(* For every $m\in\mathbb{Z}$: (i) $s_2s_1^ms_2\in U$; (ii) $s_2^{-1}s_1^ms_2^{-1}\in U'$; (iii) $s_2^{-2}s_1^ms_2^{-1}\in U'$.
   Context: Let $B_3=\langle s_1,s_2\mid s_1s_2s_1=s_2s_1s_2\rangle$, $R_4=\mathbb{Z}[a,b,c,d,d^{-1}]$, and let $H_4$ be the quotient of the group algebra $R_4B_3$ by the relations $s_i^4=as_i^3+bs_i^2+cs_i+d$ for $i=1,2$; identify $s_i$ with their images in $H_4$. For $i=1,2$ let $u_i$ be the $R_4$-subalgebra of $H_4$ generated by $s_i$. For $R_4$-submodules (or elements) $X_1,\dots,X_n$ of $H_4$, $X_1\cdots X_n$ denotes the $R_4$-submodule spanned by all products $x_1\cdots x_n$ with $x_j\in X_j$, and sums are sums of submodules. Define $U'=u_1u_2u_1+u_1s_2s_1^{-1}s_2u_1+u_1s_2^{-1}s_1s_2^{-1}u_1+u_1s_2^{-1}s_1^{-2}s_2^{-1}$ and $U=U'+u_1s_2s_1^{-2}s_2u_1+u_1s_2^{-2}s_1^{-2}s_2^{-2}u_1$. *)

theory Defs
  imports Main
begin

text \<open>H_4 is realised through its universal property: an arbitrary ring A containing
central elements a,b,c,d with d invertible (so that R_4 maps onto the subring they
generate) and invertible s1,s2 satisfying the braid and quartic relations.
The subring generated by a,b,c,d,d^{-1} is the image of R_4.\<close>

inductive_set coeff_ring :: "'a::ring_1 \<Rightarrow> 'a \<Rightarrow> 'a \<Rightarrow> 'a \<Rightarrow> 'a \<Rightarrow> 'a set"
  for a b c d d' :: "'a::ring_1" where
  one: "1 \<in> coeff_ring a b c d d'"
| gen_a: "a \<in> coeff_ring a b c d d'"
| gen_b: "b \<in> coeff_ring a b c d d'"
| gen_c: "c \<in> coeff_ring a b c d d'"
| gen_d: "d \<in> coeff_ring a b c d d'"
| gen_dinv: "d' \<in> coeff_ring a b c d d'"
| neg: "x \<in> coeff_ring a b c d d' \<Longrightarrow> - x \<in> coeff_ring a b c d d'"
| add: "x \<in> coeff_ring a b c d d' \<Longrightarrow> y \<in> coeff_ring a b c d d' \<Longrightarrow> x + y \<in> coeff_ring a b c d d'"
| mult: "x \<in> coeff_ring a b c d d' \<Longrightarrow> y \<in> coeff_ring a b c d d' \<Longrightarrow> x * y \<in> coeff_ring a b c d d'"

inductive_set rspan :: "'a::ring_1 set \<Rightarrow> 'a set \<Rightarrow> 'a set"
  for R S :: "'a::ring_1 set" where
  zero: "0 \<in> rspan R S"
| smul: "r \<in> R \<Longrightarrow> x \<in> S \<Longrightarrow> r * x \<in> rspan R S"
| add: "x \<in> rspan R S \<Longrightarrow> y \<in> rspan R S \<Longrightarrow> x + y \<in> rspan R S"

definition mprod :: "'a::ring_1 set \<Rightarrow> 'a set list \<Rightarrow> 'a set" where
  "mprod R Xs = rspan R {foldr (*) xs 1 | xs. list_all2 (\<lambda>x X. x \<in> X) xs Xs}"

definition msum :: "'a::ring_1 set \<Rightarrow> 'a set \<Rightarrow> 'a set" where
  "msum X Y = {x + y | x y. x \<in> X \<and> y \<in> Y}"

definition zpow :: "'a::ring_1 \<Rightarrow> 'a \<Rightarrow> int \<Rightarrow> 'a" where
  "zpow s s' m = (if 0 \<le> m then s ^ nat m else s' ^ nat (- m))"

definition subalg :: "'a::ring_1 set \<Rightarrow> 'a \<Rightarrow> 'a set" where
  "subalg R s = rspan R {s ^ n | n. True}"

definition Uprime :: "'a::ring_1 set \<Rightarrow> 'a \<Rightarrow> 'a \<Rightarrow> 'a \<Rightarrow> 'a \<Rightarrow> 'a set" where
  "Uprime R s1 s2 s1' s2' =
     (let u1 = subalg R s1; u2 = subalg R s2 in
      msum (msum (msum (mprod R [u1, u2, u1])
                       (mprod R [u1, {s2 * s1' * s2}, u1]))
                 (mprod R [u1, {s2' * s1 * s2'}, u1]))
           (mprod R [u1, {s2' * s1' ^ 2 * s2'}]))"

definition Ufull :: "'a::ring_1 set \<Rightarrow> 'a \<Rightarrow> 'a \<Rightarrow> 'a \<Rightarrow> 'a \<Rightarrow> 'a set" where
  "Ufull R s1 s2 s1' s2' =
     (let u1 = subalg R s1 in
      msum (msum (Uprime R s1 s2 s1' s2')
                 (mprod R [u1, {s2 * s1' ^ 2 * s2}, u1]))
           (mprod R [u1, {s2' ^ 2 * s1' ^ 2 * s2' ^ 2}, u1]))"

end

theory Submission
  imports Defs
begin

◆ **Exercise**: Only the lines from the first line of the records through the one containing "generate) and invertible" should be reproduced, exactly, with both of them included.

◆ **Reply to the task**:
(* For every $m\in\mathbb{Z}$: (i) $s_2s_1^ms_2\in U$; (ii) $s_2^{-1}s_1^ms_2^{-1}\in U'$; (iii) $s_2^{-2}s_1^ms_2^{-1}\in U'$.
   Context: Let $B_3=\langle s_1,s_2\mid s_1s_2s_1=s_2s_1s_2\rangle$, $R_4=\mathbb{Z}[a,b,c,d,d^{-1}]$, and let $H_4$ be the quotient of the group algebra $R_4B_3$ by the relations $s_i^4=as_i^3+bs_i^2+cs_i+d$ for $i=1,2$; identify $s_i$ with their images in $H_4$. For $i=1,2$ let $u_i$ be the $R_4$-subalgebra of $H_4$ generated by $s_i$. For $R_4$-submodules (or elements) $X_1,\dots,X_n$ of $H_4$, $X_1\cdots X_n$ denotes the $R_4$-submodule spanned by all products $x_1\cdots x_n$ with $x_j\in X_j$, and sums are sums of submodules. Define $U'=u_1u_2u_1+u_1s_2s_1^{-1}s_2u_1+u_1s_2^{-1}s_1s_2^{-1}u_1+u_1s_2^{-1}s_1^{-2}s_2^{-1}$ and $U=U'+u_1s_2s_1^{-2}s_2u_1+u_1s_2^{-2}s_1^{-2}s_2^{-2}u_1$. *)

theory Defs
  imports Main
begin

text \<open>H_4 is realised through its universal property: an arbitrary ring A containing
central elements a,b,c,d with d invertible (so that R_4 maps onto the subring they
generate) and invertible s1,s2 satisfying the braid and quartic relations.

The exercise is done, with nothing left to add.